*What you have to do:* Look below for the line that has "cinner J a (XE". Set down the lines from there through the line that has "define a' where", exactly as written.

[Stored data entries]
┄┄┄┄┄┄

lemma cinner_rank_one: "cinner J x (rank_one J a b v) = cinner J a v * cinner J x b"
  by (simp add: rank_one_def cinner_cscale_right)

lemma cbounded_rank_one: "cbounded J (rank_one J a b)"
  unfolding cbounded_def
proof
  have "bounded_linear (\<lambda>v. Re (cinner J a v) *\<^sub>R b + Im (cinner J a v) *\<^sub>R J b)"
    using bounded_linear_compose[OF bounded_linear_Re bounded_linear_cinner_right]
      bounded_linear_compose[OF bounded_linear_Im bounded_linear_cinner_right]
    by (intro bounded_linear_intros) (simp_all add: o_def)
  moreover have "(\<lambda>v. Re (cinner J a v) *\<^sub>R b + Im (cinner J a v) *\<^sub>R J b) = rank_one J a b"
    by (auto simp: rank_one_def cscale_def)
  ultimately show "bounded_linear (rank_one J a b)" by simp
  have "cinner J a (J v) = \<i> * cinner J a v" for v
    using cinner_cscale_right[of a \<i> v] by (simp add: cscale_def)
  then show "\<forall>v. rank_one J a b (J v) = J (rank_one J a b v)"
    by (simp add: rank_one_def J_cscale)
qed

lemma cbounded_diff:
  assumes "cbounded J B1" and "cbounded J B2"
  shows "cbounded J (\<lambda>v. B1 v - B2 v)"
  using assms unfolding cbounded_def
  by (auto intro: bounded_linear_sub simp: linear_diff[OF linear_J])

end

interpretation hJ: complex_structured hJ
  unfolding complex_structured_def complex_structure_def
proof (intro conjI allI)
  show "linear hJ" by (rule linearI) (auto simp: hJ_def)
qed (auto simp: hJ_def inner_prod_def)

lemma hconj_hconj [simp]: "hconj (hconj a) = a"
  by (simp add: hconj_def)

lemma bounded_linear_eq_0_on_dense_span:
  assumes "bounded_linear f" and "\<And>s. s \<in> S \<Longrightarrow> f s = 0" and "closure (span S) = UNIV"
  shows "f x = 0"
proof (rule continuous_constant_on_closure[where S = "span S"])
  show "continuous_on (closure (span S)) f"
    using assms(1) by (simp add: linear_continuous_on)
  show "y \<in> span S \<Longrightarrow> f y = 0" for y
    using assms(1,2) by (blast intro: bounded_linear.linear real_vector.linear_eq_0_on_span)
  show "x \<in> closure (span S)"
    using assms(3) by simp
qed

lemma lin_op_on_zero:
  assumes "lin_op_on J D M"
  shows "M 0 = 0"
proof -
  have "0 \<in> D" and "M (0 + 0) = M 0 + M 0"
    using assms subspace_0 unfolding lin_op_on_def by blast+
  then show ?thesis by simp
qed

definition XE :: "('F::real_inner \<Rightarrow> 'F) \<Rightarrow> ('h::real_inner \<times> 'h \<Rightarrow> 'F) \<Rightarrow>
    'h \<times> 'h \<Rightarrow> 'h \<times> 'h \<Rightarrow> 'h \<times> 'h \<Rightarrow> 'F" where
  "XE J E k1 k2 f = QE J E k1 f - PE J E k2 f"

locale fock_space =
  fixes J :: "'F::{real_inner,complete_space} \<Rightarrow> 'F"
    and E :: "'h::{real_inner,complete_space} \<times> 'h \<Rightarrow> 'F"
  assumes fock_model: "fock_model J E"
begin

sublocale complex_structured J
  using fock_model by unfold_locales (simp add: fock_model_def)

lemma cinner_E_E: "cinner J (E f) (E g) = exp (cinner hJ f g)"
  using fock_model unfolding fock_model_def by blast

lemma exponentials_total: "closure (span (range E \<union> J ` range E)) = UNIV"
  using fock_model by (simp add: fock_model_def)

lemma cinner_annE: "cinner J (E f) (annE J E h g) = cinner hJ h g * exp (cinner hJ f g)"
  by (simp add: annE_def cinner_cscale_right cinner_E_E)

lemma cinner_creE: "cinner J (E f) (creE E h g) = cinner hJ f h * exp (cinner hJ f g)"
proof -
  have "(\<lambda>t::real. E (g + t *\<^sub>R h)) differentiable (at 0)"
    using fock_model unfolding fock_model_def by blast
  then have "((\<lambda>t::real. E (g + t *\<^sub>R h)) has_vector_derivative creE E h g) (at 0)"
    unfolding creE_def by (simp add: vector_derivative_works)
  then have 1: "((\<lambda>t. cinner J (E f) (E (g + t *\<^sub>R h)))
      has_vector_derivative cinner J (E f) (creE E h g)) (at 0)"
    by (rule bounded_linear.has_vector_derivative[OF bounded_linear_cinner_right])
  have eq: "(\<lambda>t. cinner J (E f) (E (g + t *\<^sub>R h)))
      = (\<lambda>t. (\<lambda>z. exp (cinner hJ f g + z * cinner hJ f h)) (of_real t))"
    by (simp add: cinner_E_E hJ.cinner_add_right hJ.cinner_scaleR_right)
  have "((\<lambda>z. exp (cinner hJ f g + z * cinner hJ f h))
      has_field_derivative cinner hJ f h * exp (cinner hJ f g)) (at (of_real 0))"
    by (auto intro!: derivative_eq_intros)
  then have 2: "((\<lambda>t. cinner J (E f) (E (g + t *\<^sub>R h)))
      has_vector_derivative cinner hJ f h * exp (cinner hJ f g)) (at 0)"
    unfolding eq by (rule has_vector_derivative_real_field)
  show ?thesis
    using vector_derivative_unique_at[OF 1 2] .
qed

lemma cinner_XE:
  "cinner J (E f) (XE J E a b g) =
    (cinner hJ (hconj a) g + cinner hJ f a - \<i> * cinner hJ (hconj b) g + \<i> * cinner hJ f b)
      * exp (cinner hJ f g)"
  by (simp add: XE_def QE_def PE_def cinner_diff_right cinner_add_right cinner_cscale_right
      cinner_annE cinner_creE algebra_simps)

lemma cinner_XE_vacuum: "cinner J (E f) (XE J E k1 k2 0) = cinner hJ f (k1 + cscale hJ \<i> k2)"
  by (simp add: cinner_XE hJ.cinner_add_right hJ.cinner_cscale_right)

lemma cinner_XE_adjoint:
  "cinner J (XE J E (hconj a) (hconj b) f) (E g) = cinner J (E f) (XE J E a b g)"
proof -
  have "cinner J (XE J E (hconj a) (hconj b) f) (E g)
      = cnj (cinner J (E g) (XE J E (hconj a) (hconj b) f))"
    by (rule cinner_commute)
  also have "\<dots> = cinner J (E f) (XE J E a b g)"
    by (simp add: cinner_XE exp_cnj hJ.cinner_commute[of g f] hJ.cinner_commute[of g "hconj a"]
        hJ.cinner_commute[of g "hconj b"] hJ.cinner_commute[of a f] hJ.cinner_commute[of b f]
        algebra_simps)
  finally show ?thesis .
qed

lemma orthogonal_exponentials_eq_0:
  assumes "\<And>f. cinner J (E f) w = 0"
  shows "w = 0"
proof -
  have "inner s w = 0" if "s \<in> range E \<union> J ` range E" for s
    using that assms by (auto simp: cinner_def complex_eq_iff inner_J_left)
  then have "inner w w = 0"
    using bounded_linear_eq_0_on_dense_span[OF bounded_linear_inner_left _ exponentials_total]
    by blast
  then show ?thesis by simp
qed

lemma cbounded_eq_on_exponentials:
  assumes "cbounded J C1" and "cbounded J C2"
    and "\<And>f g. cinner J (E f) (C1 (E g)) = cinner J (E f) (C2 (E g))"
  shows "C1 = C2"
proof
  fix v
  define C where "C = (\<lambda>v. C1 v - C2 v)"
  have C: "bounded_linear C" "\<And>v. C (J v) = J (C v)"
    using cbounded_diff[OF assms(1,2)] by (simp_all add: C_def cbounded_def)
  have "C (E g) = 0" for g
    by (rule orthogonal_exponentials_eq_0) (simp add: C_def cinner_diff_right assms(3))
  then have "C s = 0" if "s \<in> range E \<union> J ` range E" for s
    using that C(2) by (auto simp: linear_0[OF linear_J])
  then have "C v = 0"
    using bounded_linear_eq_0_on_dense_span[OF C(1) _ exponentials_total] by blast
  then show "C1 v = C2 v" by (simp add: C_def)
qed

lemma Dk_eqI:
  assumes "Dk_rel J E k1 k2 B C"
  shows "Dk J E k1 k2 B = C"
  unfolding Dk_def
proof (rule the_equality[where P = "Dk_rel J E k1 k2 B", OF assms])
  show "C' = C" if "Dk_rel J E k1 k2 B C'" for C'
    using that assms by (auto simp only: Dk_rel_def intro!: cbounded_eq_on_exponentials)
qed

text \<open>The commutator (i/2)[X, |b\<rangle>\<langle>a|] = (i/2)(|Xb\<rangle>\<langle>a| - |b\<rangle>\<langle>X*a|),
  with a' and b' playing X*a and Xb (tested against exponential vectors).\<close>
lemma Dk_rel_rank_one:
  assumes "\<And>g. cinner J a (XE J E k1 k2 g) = cinner J a' (E g)"
    and "\<And>f. cinner J (XE J E (hconj k1) (hconj k2) f) b = cinner J (E f) b'"
  shows "Dk_rel J E k1 k2 (rank_one J a b)
      (\<lambda>v. rank_one J a (cscale J (\<i> / 2) b') v - rank_one J a' (cscale J (\<i> / 2) b) v)"
  unfolding Dk_rel_def XE_def[symmetric]
  using assms
  by (simp add: cbounded_diff cbounded_rank_one cinner_diff_right cinner_rank_one
      cinner_cscale_right algebra_simps)

lemma rank_one_vacuum_Dk:
  fixes k1 k2 k :: "'h \<times> 'h"
  assumes k: "k = k1 + cscale hJ \<i> k2"
  defines "B \<equiv> rank_one J (E k - E 0) (E 0)"
  shows "B \<in> DomD J E k1 k2" and "B (E 0) = 0"
    and "vexp J E (Dk J E k1 k2 B) = - (\<i> / 2) * of_real (inner k k)"
proof -
  define a' where "a' = XE J E (hconj k1) (hconj k2) k - XE J E (hconj k1) (hconj k2) 0"
  define C where "C v = rank_one J (E k - E 0) (cscale J (\<i> / 2) (XE J E k1 k2 0)) v
      - rank_one J a' (cscale J (\<i> / 2) (E 0)) v" for v
  have a': "cinner J (E k - E 0) (XE J E k1 k2 g) = cinner J a' (E g)" for g
    by (simp add: a'_def cinner_diff_left cinner_XE_adjoint)
  have rel: "Dk_rel J E k1 k2 B C"
    unfolding B_def C_def
    by (rule Dk_rel_rank_one[OF a']) (simp add: cinner_XE_adjoint)
  then show "B \<in> DomD J E k1 k2"
    by (auto simp: DomD_def B_def cbounded_rank_one)
  have orth: "cinner J (E k - E 0) (E 0) = 0"
    by (simp add: cinner_diff_left cinner_E_E)
  then show "B (E 0) = 0"
    by (simp add: B_def rank_one_def cscale_def)
  have "cinner J a' (E 0) = cinner hJ k k"
    by (simp add: a'[symmetric] cinner_diff_left cinner_XE_vacuum k)
  then show "vexp J E (Dk J E k1 k2 B) = - (\<i> / 2) * of_real (inner k k)"
    by (simp add: Dk_eqI[OF rel] vexp_def C_def cinner_diff_right cinner_rank_one
        cinner_cscale_right orth cinner_E_E hJ.cinner_self)
qed

end

theorem proposition6p1:
  fixes J :: "'F::{real_inner,complete_space} \<Rightarrow> 'F"
    and E :: "'h::{real_inner,complete_space} \<times> 'h \<Rightarrow> 'F"
    and k1 k2 :: "'h \<times> 'h"
  assumes "separable TYPE('h)"
    and "fock_model J E"
    and "k1 + cscale hJ \<i> k2 \<noteq> 0"
  shows "\<not> (\<exists>D M. lin_op_on J D M \<and> E 0 \<in> D \<and>
            (\<forall>B \<in> DomD J E k1 k2. B (E 0) \<in> D \<and>
               cinner J (E 0) (M (B (E 0))) = vexp J E (Dk J E k1 k2 B)))"
proof
  assume "\<exists>D M. lin_op_on J D M \<and> E 0 \<in> D \<and>
            (\<forall>B \<in> DomD J E k1 k2. B (E 0) \<in> D \<and>
               cinner J (E 0) (M (B (E 0))) = vexp J E (Dk J E k1 k2 B))"
  then obtain D M where "lin_op_on J D M"
    and M: "\<forall>B \<in> DomD J E k1 k2. cinner J (E 0) (M (B (E 0))) = vexp J E (Dk J E k1 k2 B)"
    by blast
  then have "M 0 = 0" by (simp add: lin_op_on_zero)
  interpret fock_space J E by (rule fock_space.intro) (fact assms(2))
  have "vexp J E (Dk J E k1 k2 B) = 0" if "B \<in> DomD J E k1 k2" and "B (E 0) = 0" for B
    using M that \<open>M 0 = 0\<close> by (metis cinner_zero_right)
  from this[OF rank_one_vacuum_Dk(1,2)[OF refl]] rank_one_vacuum_Dk(3)[OF refl] assms(3)
  show False by simp
qed

end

┄┄┄┄┄┄

*Result for this task:*
  assumes "\<And>g. cinner J a (XE J E k1 k2 g) = cinner J a' (E g)"
    and "\<And>f. cinner J (XE J E (hconj k1) (hconj k2) f) b = cinner J (E f) b'"
  shows "Dk_rel J E k1 k2 (rank_one J a b)
      (\<lambda>v. rank_one J a (cscale J (\<i> / 2) b') v - rank_one J a' (cscale J (\<i> / 2) b) v)"
  unfolding Dk_rel_def XE_def[symmetric]
  using assms
  by (simp add: cbounded_diff cbounded_rank_one cinner_diff_right cinner_rank_one
      cinner_cscale_right algebra_simps)

lemma rank_one_vacuum_Dk:
  fixes k1 k2 k :: "'h \<times> 'h"
  assumes k: "k = k1 + cscale hJ \<i> k2"
  defines "B \<equiv> rank_one J (E k - E 0) (E 0)"
  shows "B \<in> DomD J E k1 k2" and "B (E 0) = 0"
    and "vexp J E (Dk J E k1 k2 B) = - (\<i> / 2) * of_real (inner k k)"
proof -
  define a' where "a' = XE J E (hconj k1) (hconj k2) k - XE J E (hconj k1) (hconj k2) 0"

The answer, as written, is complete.